(1.) This appeal arises out of a suit by respondents Nos 1 and 2 upon three mortgage-deeds executed in their favour, or in favour of their father, in March 1888, and August 1892, by Ram Saran Singh, Lutawan Singh, Bisheshar Singh and Meghu Singh. The following pedigree shows the relationship between the mortgagors and other persons who will be referred to in this judgment:
(2.) The defendants, described as defendant first party in the Court below, are the living descendants of Nanku Singh and Ram Saran Singh. The defendants, second party, are lessees whose exact position need not be explained. The defendant, third party, is the Collector of Ghazipur, representing the estate of Dulhin Ram Kuar, who purchased the mortgaged property in December 1902, from Ram Saran Singh and his descendants and from the descendants of Nanku Singh. The defence of the Collector of Ghazipur was that the property belonged to Nanku Singh and Ram Phal Singh; that Nanku s widow, as guardian of her children, sold their share in the property in December 1850, to Ram Phal Singh; that Ram Phal Singh died without issue, leaving his widow, Babisa Kuar, who died in September 1901; that the Ram Saran Singh shown in the pedigree was not the son of Ram Phal, nephew of Nanku, but was the son of a Ram Phal whose father s name was Ghore Patare Rai; that during the life-time of Babisa Kuar, the descendants of Nanku, who were her husband s reversionary heirs, had no lights in the property, therefore, the mortgages in suit were invalid; and lastly that Dulhin Ram Kuar purchased the property from the persons who became entitled to the property on the death of Babisa Kuar, whether under a Will said to have been executed by her or as the reversionary heirs of her husband.
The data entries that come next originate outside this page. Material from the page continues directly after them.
definition B_factorizable :: "'a set \<Rightarrow> 'a set set \<Rightarrow> bool" where
  "B_factorizable V E \<longleftrightarrow> regular_graph V E \<and>
     (\<forall>v \<in> Nbar V (PM V). fst v = (\<lambda>e. if e \<in> E then 1 else 0) \<longrightarrow> v \<in> Ncone (PM V))"

text \<open>Hilbert basis: an inclusion-minimal generating set of the monoid Nbar(PM(V)) (unique since the monoid is pointed).\<close>
definition min_generating :: "'a vec set \<Rightarrow> 'a vec set \<Rightarrow> bool" where
  "min_generating S H \<longleftrightarrow> H \<subseteq> S \<and> Ncone H = S \<and> (\<forall>H'. H' \<subset> H \<longrightarrow> Ncone H' \<noteq> S)"

definition hilbert_basis :: "'a vec set \<Rightarrow> 'a vec set" where
  "hilbert_basis S = {v. \<exists>H. min_generating S H \<and> v \<in> H}"

definition additional_generator :: "'a set \<Rightarrow> 'a vec \<Rightarrow> bool" where
  "additional_generator V v \<longleftrightarrow> v \<in> hilbert_basis (Nbar V (PM V)) \<and> v \<notin> PM V"

end

theory Submission
  imports Defs
begin

(* We exhibit a cubic bipartite graph G on V and three equal
   partitions c0, c1, c2 such that G is the union of two perfect matchings of each B_ci, and take
   v = chi_G + c0 + c1 + c2.  Then 2v is a sum of six elements of PM(V), so v lies in Nbar(PM(V)).
   The heart of the proof is that v is irreducible in the monoid Nbar(PM(V)): it is not a sum of two
   nonzero elements.  Irreducible elements lie in every generating set, hence in the Hilbert basis,
   and an irreducible element outside PM(V) cannot lie in N(PM(V)); this gives both the additional
   generator and the failure of B-factorizability. *)

section \<open>Vectors and the monoids N(M) and Nbar(M)\<close>

lemma finite_Kset: "finite V \<Longrightarrow> finite (Kset V)"
  unfolding Kset_def by (rule finite_subset[of _ "Pow V"]) auto

lemma finite_Cset: "finite V \<Longrightarrow> finite (Cset V)"
  unfolding Cset_def by (rule finite_subset[of _ "Pow (Pow V)"]) auto

lemma Kset_edge_finite: "e \<in> Kset V \<Longrightarrow> finite e"
  unfolding Kset_def by (auto intro: card_ge_0_finite)

lemma bip_edges_Kset: "bip_edges V c \<subseteq> Kset V"
  unfolding bip_edges_def by auto

definition vzero :: "'a vec" where
  "vzero = ((\<lambda>_. 0), (\<lambda>_. 0))"

definition vadd :: "'a vec \<Rightarrow> 'a vec \<Rightarrow> 'a vec" where
  "vadd a b = ((\<lambda>e. fst a e + fst b e), (\<lambda>c. snd a c + snd b c))"

definition comb :: "'a vec set \<Rightarrow> ('a vec \<Rightarrow> nat) \<Rightarrow> 'a vec" where
  "comb F lam = ((\<lambda>e. \<Sum>m\<in>F. lam m * fst m e), (\<lambda>c. \<Sum>m\<in>F. lam m * snd m c))"

lemma Ncone_comb: "Ncone M = {v. \<exists>F lam. finite F \<and> F \<subseteq> M \<and> v = comb F lam}"
  unfolding Ncone_def comb_def by simp

lemma comb_empty: "comb {} lam = vzero"
  unfolding comb_def vzero_def by simp

lemma comb_insert:
  "finite F \<Longrightarrow> m \<notin> F \<Longrightarrow> comb (insert m F) lam = vadd (smul (lam m) m) (comb F lam)"
  unfolding comb_def vadd_def smul_def by simp

lemma vadd_comm: "vadd a b = vadd b a"
  unfolding vadd_def by (simp add: add.commute)

lemma smul_vadd: "smul k (vadd a b) = vadd (smul k a) (smul k b)"
  unfolding smul_def vadd_def by (simp add: distrib_left)

lemma smul_smul: "smul k (smul j a) = smul (k * j) a"
  unfolding smul_def by (simp add: mult.assoc)

lemma Ncone_least_submonoid:
  assumes "M \<subseteq> S" "vzero \<in> S" "\<And>a b. a \<in> S \<Longrightarrow> b \<in> S \<Longrightarrow> vadd a b \<in> S"
  shows "Ncone M \<subseteq> S"
proof
  fix u assume "u \<in> Ncone M"
  then obtain F lam where F: "finite F" "F \<subseteq> M" and u: "u = comb F lam"
    unfolding Ncone_comb by blast
  have multiple: "smul n m \<in> S" if "m \<in> S" for n m
  proof (induction n)
    case 0 then show ?case using assms(2) by (simp add: smul_def vzero_def)
  next
    case (Suc n)
    have "smul (Suc n) m = vadd m (smul n m)" unfolding smul_def vadd_def by simp
    then show ?case using Suc assms(3) that by simp
  qed
  have "comb F lam \<in> S" using F
  proof (induction F rule: finite_induct)
    case empty then show ?case by (simp add: comb_empty assms(2))
  next
    case (insert m F)
    then have "m \<in> S" "comb F lam \<in> S" using assms(1) by auto
    then show ?case using insert assms(3) multiple by (simp add: comb_insert)
  qed
  then show "u \<in> S" using u by simp
qed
(3.) It appears that Babisa Kuar obtained mutation of names in her favour upon the death of her husband. But in 1884, Ram Saran and the sons of Nanku got their names entered in the record. Babisa Kuar, in May 1894, obtained a decree against them declaring that they had no title. The plaintiffs alleged that the proceedings of 1894 were collusive. The Subordinate Judge has found that those proceedings were collusive; that Ram Saran was the son of Ram Phal, nephew of Nanku, and that the mortgages in suit are binding on the property in the hands of the Collector.